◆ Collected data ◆
Start of Block

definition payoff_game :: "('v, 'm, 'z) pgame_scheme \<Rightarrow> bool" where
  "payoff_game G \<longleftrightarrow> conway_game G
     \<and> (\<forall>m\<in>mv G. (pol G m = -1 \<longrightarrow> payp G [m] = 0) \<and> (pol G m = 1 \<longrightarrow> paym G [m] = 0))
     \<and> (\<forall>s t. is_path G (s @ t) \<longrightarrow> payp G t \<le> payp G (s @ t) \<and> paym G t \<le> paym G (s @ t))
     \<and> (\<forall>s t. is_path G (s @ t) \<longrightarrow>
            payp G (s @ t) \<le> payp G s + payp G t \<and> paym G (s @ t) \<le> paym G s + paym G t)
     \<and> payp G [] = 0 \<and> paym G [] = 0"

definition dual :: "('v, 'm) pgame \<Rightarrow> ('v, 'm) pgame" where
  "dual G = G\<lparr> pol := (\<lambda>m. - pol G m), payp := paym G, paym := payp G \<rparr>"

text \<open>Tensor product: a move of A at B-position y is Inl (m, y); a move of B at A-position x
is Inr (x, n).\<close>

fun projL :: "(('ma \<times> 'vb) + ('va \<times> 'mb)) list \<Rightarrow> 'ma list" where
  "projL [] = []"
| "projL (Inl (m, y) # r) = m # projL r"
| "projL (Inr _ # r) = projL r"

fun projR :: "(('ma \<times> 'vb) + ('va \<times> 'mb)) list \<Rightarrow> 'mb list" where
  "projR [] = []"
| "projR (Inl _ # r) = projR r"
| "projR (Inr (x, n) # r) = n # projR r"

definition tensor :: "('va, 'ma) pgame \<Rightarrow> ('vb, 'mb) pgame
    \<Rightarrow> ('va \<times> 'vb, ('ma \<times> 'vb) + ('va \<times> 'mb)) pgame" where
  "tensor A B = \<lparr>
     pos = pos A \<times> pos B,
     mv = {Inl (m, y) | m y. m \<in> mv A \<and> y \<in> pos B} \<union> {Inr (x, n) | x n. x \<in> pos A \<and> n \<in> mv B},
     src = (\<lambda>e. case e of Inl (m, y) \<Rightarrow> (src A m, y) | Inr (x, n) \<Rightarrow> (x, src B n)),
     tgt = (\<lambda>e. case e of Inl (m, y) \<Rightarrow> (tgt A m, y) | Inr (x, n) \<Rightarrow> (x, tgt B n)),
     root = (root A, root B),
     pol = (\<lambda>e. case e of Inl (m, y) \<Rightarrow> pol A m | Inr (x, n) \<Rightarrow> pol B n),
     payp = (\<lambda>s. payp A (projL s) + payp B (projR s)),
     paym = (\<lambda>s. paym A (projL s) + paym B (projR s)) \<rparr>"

End of Block
Start of Block

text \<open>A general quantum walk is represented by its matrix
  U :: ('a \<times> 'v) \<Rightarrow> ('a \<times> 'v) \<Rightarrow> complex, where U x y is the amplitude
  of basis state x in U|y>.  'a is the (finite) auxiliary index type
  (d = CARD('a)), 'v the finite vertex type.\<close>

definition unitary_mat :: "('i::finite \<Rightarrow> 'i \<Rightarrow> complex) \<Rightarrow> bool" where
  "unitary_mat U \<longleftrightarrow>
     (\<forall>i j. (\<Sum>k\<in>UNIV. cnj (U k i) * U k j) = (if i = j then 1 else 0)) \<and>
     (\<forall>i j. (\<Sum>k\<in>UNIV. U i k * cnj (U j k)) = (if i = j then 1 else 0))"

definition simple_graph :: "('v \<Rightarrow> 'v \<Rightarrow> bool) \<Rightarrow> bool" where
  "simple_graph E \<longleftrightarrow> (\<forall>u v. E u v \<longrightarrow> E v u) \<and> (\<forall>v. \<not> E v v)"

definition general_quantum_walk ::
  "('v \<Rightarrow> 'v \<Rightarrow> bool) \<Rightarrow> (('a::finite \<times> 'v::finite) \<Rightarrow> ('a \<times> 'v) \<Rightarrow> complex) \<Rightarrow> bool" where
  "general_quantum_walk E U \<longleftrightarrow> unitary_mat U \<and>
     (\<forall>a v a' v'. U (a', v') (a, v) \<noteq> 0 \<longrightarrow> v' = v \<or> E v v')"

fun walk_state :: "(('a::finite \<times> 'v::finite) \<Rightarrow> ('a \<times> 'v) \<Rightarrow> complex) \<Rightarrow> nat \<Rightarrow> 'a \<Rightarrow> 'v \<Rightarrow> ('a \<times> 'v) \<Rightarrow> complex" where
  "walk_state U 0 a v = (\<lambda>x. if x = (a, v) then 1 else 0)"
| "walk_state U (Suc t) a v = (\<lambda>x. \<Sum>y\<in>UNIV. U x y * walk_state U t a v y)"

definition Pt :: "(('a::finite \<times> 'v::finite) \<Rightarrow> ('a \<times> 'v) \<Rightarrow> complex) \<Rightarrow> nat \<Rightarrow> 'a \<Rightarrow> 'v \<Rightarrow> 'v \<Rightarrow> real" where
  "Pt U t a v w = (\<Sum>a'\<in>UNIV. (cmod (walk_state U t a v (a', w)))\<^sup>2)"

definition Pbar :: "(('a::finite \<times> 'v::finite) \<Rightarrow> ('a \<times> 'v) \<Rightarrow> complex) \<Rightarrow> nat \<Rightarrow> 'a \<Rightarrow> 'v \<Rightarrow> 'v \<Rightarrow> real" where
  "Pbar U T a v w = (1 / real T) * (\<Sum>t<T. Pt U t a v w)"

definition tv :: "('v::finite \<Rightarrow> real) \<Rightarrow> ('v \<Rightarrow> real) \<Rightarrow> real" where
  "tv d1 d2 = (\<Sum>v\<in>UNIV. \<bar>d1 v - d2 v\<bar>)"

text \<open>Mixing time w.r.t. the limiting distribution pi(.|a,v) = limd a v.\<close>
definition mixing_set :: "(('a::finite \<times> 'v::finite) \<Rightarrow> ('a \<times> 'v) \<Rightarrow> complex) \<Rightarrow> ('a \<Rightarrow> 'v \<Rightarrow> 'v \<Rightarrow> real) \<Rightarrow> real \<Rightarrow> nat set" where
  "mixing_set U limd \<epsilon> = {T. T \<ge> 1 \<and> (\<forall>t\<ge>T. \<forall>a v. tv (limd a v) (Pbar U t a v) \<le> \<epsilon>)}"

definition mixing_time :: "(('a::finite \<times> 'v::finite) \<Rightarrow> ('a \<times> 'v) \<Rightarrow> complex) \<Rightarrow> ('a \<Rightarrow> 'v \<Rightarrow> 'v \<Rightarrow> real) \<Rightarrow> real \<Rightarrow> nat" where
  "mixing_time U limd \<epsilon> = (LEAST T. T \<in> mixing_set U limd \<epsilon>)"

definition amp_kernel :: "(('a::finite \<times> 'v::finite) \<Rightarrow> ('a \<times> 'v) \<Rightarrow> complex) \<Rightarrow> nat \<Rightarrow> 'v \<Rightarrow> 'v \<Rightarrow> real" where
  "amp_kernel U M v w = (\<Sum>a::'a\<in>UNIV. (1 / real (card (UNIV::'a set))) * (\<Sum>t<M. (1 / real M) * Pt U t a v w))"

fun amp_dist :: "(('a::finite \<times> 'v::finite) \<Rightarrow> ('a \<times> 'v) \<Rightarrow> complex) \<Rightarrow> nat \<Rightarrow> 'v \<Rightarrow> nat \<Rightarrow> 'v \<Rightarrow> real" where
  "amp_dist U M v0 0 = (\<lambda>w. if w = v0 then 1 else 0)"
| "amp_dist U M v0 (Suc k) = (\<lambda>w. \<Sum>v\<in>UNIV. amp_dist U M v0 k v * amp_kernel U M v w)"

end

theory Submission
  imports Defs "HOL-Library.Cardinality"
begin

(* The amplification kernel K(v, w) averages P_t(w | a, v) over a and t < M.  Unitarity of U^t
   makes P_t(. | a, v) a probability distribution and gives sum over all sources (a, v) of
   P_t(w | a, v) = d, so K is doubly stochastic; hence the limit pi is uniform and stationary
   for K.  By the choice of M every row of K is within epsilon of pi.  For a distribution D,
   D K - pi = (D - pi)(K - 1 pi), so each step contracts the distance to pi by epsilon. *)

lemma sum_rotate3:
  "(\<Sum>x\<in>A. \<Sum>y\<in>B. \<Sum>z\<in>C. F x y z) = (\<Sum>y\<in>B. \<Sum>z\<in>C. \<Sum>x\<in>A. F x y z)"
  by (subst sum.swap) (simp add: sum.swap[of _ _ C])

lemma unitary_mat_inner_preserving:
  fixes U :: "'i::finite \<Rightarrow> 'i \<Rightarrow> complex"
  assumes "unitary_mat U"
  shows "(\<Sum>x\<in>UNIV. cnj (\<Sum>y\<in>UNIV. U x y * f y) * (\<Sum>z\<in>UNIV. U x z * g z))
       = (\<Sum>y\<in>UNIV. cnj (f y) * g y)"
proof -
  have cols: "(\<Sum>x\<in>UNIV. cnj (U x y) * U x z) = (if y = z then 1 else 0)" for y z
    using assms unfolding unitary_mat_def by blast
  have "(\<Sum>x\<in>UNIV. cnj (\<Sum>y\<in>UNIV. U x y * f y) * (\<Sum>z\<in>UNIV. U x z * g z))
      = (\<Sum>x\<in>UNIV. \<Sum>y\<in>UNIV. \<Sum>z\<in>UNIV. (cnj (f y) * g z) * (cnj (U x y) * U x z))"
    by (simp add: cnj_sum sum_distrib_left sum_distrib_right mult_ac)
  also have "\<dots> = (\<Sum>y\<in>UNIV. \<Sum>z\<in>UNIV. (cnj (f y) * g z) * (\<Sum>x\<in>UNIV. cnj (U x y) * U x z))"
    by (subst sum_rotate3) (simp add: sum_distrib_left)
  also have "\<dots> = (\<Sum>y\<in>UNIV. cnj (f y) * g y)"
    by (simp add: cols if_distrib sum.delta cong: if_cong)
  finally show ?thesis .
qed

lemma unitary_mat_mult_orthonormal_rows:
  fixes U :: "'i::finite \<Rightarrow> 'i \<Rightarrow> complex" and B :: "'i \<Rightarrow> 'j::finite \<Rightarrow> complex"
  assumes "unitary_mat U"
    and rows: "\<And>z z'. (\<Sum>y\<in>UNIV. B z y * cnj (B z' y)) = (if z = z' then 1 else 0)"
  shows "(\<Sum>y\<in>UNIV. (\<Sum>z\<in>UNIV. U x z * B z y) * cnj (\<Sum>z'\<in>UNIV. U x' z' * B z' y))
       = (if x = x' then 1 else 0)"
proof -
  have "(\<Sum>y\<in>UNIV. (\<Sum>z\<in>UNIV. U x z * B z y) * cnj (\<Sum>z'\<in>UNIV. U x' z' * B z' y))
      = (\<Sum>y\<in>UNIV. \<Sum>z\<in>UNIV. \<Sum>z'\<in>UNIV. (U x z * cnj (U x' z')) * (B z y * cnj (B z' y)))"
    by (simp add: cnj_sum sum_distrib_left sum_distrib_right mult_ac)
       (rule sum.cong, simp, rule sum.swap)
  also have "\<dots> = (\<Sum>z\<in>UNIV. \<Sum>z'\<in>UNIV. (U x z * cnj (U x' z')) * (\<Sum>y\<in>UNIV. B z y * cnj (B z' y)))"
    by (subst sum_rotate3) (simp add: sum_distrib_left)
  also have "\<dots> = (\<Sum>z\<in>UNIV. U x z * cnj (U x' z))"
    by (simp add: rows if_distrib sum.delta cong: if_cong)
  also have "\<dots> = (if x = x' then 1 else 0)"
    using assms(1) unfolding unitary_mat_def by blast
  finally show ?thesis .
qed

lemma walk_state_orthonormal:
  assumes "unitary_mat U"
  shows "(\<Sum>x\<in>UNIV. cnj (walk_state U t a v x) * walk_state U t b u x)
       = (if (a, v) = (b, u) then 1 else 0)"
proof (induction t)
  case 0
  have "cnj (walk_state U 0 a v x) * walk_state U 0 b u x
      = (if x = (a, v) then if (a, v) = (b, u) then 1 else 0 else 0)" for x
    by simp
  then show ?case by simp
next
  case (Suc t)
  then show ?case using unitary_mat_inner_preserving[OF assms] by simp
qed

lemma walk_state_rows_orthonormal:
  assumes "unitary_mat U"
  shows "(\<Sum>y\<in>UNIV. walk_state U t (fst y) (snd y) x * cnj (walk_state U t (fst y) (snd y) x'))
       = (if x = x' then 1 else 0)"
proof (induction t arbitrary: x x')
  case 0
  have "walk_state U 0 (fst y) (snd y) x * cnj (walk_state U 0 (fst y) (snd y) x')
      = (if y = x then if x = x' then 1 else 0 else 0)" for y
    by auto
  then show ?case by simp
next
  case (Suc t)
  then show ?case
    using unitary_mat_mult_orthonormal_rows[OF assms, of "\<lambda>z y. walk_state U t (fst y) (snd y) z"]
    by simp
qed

End of Block
Start of Block

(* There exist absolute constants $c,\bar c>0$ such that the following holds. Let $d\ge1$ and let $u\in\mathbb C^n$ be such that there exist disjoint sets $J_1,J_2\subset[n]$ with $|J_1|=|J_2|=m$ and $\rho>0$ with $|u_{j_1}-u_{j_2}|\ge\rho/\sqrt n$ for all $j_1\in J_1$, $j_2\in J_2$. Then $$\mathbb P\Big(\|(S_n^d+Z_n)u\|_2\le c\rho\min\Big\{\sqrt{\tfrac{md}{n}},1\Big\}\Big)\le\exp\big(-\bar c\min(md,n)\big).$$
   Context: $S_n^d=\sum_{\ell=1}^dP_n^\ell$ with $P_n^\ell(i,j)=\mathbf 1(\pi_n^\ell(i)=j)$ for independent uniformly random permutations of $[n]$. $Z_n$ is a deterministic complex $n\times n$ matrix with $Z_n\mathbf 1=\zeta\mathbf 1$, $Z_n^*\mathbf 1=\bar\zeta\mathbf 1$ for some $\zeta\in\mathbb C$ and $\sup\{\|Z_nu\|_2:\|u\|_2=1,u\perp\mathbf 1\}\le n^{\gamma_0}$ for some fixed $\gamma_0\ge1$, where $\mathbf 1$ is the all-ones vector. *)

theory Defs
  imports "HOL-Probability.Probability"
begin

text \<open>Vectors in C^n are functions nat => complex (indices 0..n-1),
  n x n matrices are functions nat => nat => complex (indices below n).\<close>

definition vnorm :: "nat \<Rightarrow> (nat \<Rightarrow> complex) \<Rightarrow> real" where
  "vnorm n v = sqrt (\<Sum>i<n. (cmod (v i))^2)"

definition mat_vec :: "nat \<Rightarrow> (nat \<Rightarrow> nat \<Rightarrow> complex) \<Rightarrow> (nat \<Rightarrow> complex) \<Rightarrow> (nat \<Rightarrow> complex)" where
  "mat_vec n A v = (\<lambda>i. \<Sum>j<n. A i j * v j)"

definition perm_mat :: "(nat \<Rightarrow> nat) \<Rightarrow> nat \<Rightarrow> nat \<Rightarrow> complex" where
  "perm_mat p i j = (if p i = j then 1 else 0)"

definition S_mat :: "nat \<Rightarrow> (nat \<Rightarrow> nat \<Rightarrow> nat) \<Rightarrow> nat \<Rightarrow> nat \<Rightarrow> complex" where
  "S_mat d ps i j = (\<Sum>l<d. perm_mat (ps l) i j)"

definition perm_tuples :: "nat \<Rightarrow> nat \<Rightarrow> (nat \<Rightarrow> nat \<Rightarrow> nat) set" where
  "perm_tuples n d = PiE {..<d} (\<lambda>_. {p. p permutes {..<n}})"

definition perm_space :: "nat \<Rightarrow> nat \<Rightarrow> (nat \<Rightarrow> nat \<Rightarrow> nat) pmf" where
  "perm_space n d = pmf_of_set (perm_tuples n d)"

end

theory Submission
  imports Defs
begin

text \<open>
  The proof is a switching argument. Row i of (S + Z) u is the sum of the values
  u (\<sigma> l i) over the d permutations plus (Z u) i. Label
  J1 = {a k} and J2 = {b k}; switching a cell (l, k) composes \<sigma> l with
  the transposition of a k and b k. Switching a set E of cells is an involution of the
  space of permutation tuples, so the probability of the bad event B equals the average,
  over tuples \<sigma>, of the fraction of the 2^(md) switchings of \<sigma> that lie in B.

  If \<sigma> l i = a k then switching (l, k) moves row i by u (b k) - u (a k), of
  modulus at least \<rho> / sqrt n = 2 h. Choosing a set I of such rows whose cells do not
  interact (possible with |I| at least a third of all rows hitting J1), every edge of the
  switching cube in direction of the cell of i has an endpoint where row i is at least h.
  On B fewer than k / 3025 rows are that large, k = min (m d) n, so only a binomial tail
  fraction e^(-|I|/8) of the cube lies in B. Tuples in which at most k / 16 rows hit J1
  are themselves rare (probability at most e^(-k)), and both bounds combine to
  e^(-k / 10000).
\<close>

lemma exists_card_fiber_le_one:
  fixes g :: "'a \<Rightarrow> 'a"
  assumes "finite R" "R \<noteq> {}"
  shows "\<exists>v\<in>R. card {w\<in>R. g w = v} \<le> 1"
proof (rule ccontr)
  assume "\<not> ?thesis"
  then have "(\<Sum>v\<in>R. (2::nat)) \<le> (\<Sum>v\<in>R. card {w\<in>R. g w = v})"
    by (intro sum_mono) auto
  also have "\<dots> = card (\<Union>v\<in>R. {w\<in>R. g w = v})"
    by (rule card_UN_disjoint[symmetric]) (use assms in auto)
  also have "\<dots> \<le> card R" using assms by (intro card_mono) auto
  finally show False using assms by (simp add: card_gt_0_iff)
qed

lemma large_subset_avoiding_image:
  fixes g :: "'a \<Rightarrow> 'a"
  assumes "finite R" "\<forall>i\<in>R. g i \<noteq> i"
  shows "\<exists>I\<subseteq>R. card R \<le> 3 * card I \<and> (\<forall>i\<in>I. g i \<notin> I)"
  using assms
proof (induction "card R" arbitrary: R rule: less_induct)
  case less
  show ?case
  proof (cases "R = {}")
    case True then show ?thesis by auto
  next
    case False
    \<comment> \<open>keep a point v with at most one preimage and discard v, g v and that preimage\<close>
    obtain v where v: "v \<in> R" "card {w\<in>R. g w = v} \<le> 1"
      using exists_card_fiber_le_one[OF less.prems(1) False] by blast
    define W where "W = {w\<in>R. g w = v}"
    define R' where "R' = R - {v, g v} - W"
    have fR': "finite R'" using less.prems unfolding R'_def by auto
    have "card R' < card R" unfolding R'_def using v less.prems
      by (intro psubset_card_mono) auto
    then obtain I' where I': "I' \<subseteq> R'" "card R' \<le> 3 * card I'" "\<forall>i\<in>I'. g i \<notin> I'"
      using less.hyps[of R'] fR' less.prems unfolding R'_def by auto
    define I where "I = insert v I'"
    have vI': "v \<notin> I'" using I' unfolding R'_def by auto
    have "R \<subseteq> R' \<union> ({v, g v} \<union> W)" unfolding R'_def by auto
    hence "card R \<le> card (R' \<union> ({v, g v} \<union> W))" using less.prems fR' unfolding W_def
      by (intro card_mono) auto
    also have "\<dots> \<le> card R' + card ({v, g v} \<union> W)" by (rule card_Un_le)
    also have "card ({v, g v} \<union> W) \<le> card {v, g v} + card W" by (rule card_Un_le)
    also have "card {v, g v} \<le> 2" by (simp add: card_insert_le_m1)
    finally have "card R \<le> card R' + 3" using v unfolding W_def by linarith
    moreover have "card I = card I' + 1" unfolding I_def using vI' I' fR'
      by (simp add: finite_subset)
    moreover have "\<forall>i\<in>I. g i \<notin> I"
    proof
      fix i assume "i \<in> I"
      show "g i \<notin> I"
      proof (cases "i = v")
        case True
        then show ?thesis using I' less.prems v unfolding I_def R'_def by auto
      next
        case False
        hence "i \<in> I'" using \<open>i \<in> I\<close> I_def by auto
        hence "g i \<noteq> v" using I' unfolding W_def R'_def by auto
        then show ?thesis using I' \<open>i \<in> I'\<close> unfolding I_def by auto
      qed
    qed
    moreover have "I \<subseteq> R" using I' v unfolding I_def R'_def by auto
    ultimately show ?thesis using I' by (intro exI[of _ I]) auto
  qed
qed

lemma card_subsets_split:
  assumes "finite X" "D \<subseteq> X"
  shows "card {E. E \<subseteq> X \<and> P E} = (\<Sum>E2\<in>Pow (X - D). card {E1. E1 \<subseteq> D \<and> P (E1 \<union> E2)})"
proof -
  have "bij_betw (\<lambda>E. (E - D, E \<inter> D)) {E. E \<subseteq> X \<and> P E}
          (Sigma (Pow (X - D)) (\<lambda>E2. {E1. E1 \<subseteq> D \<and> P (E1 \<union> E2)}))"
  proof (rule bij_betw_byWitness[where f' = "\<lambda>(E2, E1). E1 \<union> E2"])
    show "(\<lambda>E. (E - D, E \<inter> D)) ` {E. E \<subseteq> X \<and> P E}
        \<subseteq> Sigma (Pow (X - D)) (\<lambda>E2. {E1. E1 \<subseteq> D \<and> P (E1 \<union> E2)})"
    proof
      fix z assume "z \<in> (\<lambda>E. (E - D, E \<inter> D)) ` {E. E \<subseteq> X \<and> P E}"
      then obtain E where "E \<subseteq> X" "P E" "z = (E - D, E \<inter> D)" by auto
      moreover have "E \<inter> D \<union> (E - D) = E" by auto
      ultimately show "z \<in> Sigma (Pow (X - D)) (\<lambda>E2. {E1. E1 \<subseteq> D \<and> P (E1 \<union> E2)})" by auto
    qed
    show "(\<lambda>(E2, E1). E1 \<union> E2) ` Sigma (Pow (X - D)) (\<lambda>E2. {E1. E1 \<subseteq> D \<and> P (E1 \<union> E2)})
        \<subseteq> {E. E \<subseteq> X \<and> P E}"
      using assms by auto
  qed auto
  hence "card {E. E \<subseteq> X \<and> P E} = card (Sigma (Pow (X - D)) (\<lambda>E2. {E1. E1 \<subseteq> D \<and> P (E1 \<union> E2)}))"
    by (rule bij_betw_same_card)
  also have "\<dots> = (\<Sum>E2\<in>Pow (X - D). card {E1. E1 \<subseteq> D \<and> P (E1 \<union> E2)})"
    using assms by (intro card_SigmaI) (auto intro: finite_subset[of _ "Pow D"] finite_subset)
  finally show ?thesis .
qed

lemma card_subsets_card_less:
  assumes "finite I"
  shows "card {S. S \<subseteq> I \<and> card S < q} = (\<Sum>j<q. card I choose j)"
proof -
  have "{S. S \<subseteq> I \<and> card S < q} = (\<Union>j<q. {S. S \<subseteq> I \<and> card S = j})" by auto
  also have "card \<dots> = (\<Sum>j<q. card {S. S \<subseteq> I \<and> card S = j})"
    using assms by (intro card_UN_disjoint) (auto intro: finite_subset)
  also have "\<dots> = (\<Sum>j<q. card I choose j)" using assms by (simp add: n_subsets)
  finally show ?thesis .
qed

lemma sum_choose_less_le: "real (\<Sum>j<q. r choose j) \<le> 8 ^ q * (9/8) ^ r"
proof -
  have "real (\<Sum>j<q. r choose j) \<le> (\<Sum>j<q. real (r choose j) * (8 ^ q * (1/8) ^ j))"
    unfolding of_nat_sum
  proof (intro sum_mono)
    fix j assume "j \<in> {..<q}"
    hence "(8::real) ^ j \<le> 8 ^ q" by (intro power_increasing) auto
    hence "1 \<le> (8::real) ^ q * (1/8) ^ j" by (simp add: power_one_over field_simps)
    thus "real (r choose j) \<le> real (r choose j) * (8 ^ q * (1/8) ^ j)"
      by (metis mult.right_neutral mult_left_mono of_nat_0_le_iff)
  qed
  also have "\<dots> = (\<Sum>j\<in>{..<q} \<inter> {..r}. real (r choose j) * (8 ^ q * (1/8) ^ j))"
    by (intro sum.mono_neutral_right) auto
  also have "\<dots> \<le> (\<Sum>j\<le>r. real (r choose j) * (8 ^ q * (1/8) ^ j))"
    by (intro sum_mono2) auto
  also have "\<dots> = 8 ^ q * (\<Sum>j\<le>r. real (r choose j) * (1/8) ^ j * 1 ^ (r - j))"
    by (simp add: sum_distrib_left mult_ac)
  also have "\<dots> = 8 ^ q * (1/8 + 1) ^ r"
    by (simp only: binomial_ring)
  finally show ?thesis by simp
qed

End of Block

◆ Directions for this task ◆
Among the records above, a stretch begins at the line containing "over tuples \<sigma>, of" and ends at the line containing "define W where". Restate that stretch word for word, and nothing else.

◆ Result of this exercise ◆
  over tuples \<sigma>, of the fraction of the 2^(md) switchings of \<sigma> that lie in B.

  If \<sigma> l i = a k then switching (l, k) moves row i by u (b k) - u (a k), of
  modulus at least \<rho> / sqrt n = 2 h. Choosing a set I of such rows whose cells do not
  interact (possible with |I| at least a third of all rows hitting J1), every edge of the
  switching cube in direction of the cell of i has an endpoint where row i is at least h.
  On B fewer than k / 3025 rows are that large, k = min (m d) n, so only a binomial tail
  fraction e^(-|I|/8) of the cube lies in B. Tuples in which at most k / 16 rows hit J1
  are themselves rare (probability at most e^(-k)), and both bounds combine to
  e^(-k / 10000).
\<close>

lemma exists_card_fiber_le_one:
  fixes g :: "'a \<Rightarrow> 'a"
  assumes "finite R" "R \<noteq> {}"
  shows "\<exists>v\<in>R. card {w\<in>R. g w = v} \<le> 1"
proof (rule ccontr)
  assume "\<not> ?thesis"
  then have "(\<Sum>v\<in>R. (2::nat)) \<le> (\<Sum>v\<in>R. card {w\<in>R. g w = v})"
    by (intro sum_mono) auto
  also have "\<dots> = card (\<Union>v\<in>R. {w\<in>R. g w = v})"
    by (rule card_UN_disjoint[symmetric]) (use assms in auto)
  also have "\<dots> \<le> card R" using assms by (intro card_mono) auto
  finally show False using assms by (simp add: card_gt_0_iff)
qed

lemma large_subset_avoiding_image:
  fixes g :: "'a \<Rightarrow> 'a"
  assumes "finite R" "\<forall>i\<in>R. g i \<noteq> i"
  shows "\<exists>I\<subseteq>R. card R \<le> 3 * card I \<and> (\<forall>i\<in>I. g i \<notin> I)"
  using assms
proof (induction "card R" arbitrary: R rule: less_induct)
  case less
  show ?case
  proof (cases "R = {}")
    case True then show ?thesis by auto
  next
    case False
    \<comment> \<open>keep a point v with at most one preimage and discard v, g v and that preimage\<close>
    obtain v where v: "v \<in> R" "card {w\<in>R. g w = v} \<le> 1"
      using exists_card_fiber_le_one[OF less.prems(1) False] by blast
    define W where "W = {w\<in>R. g w = v}"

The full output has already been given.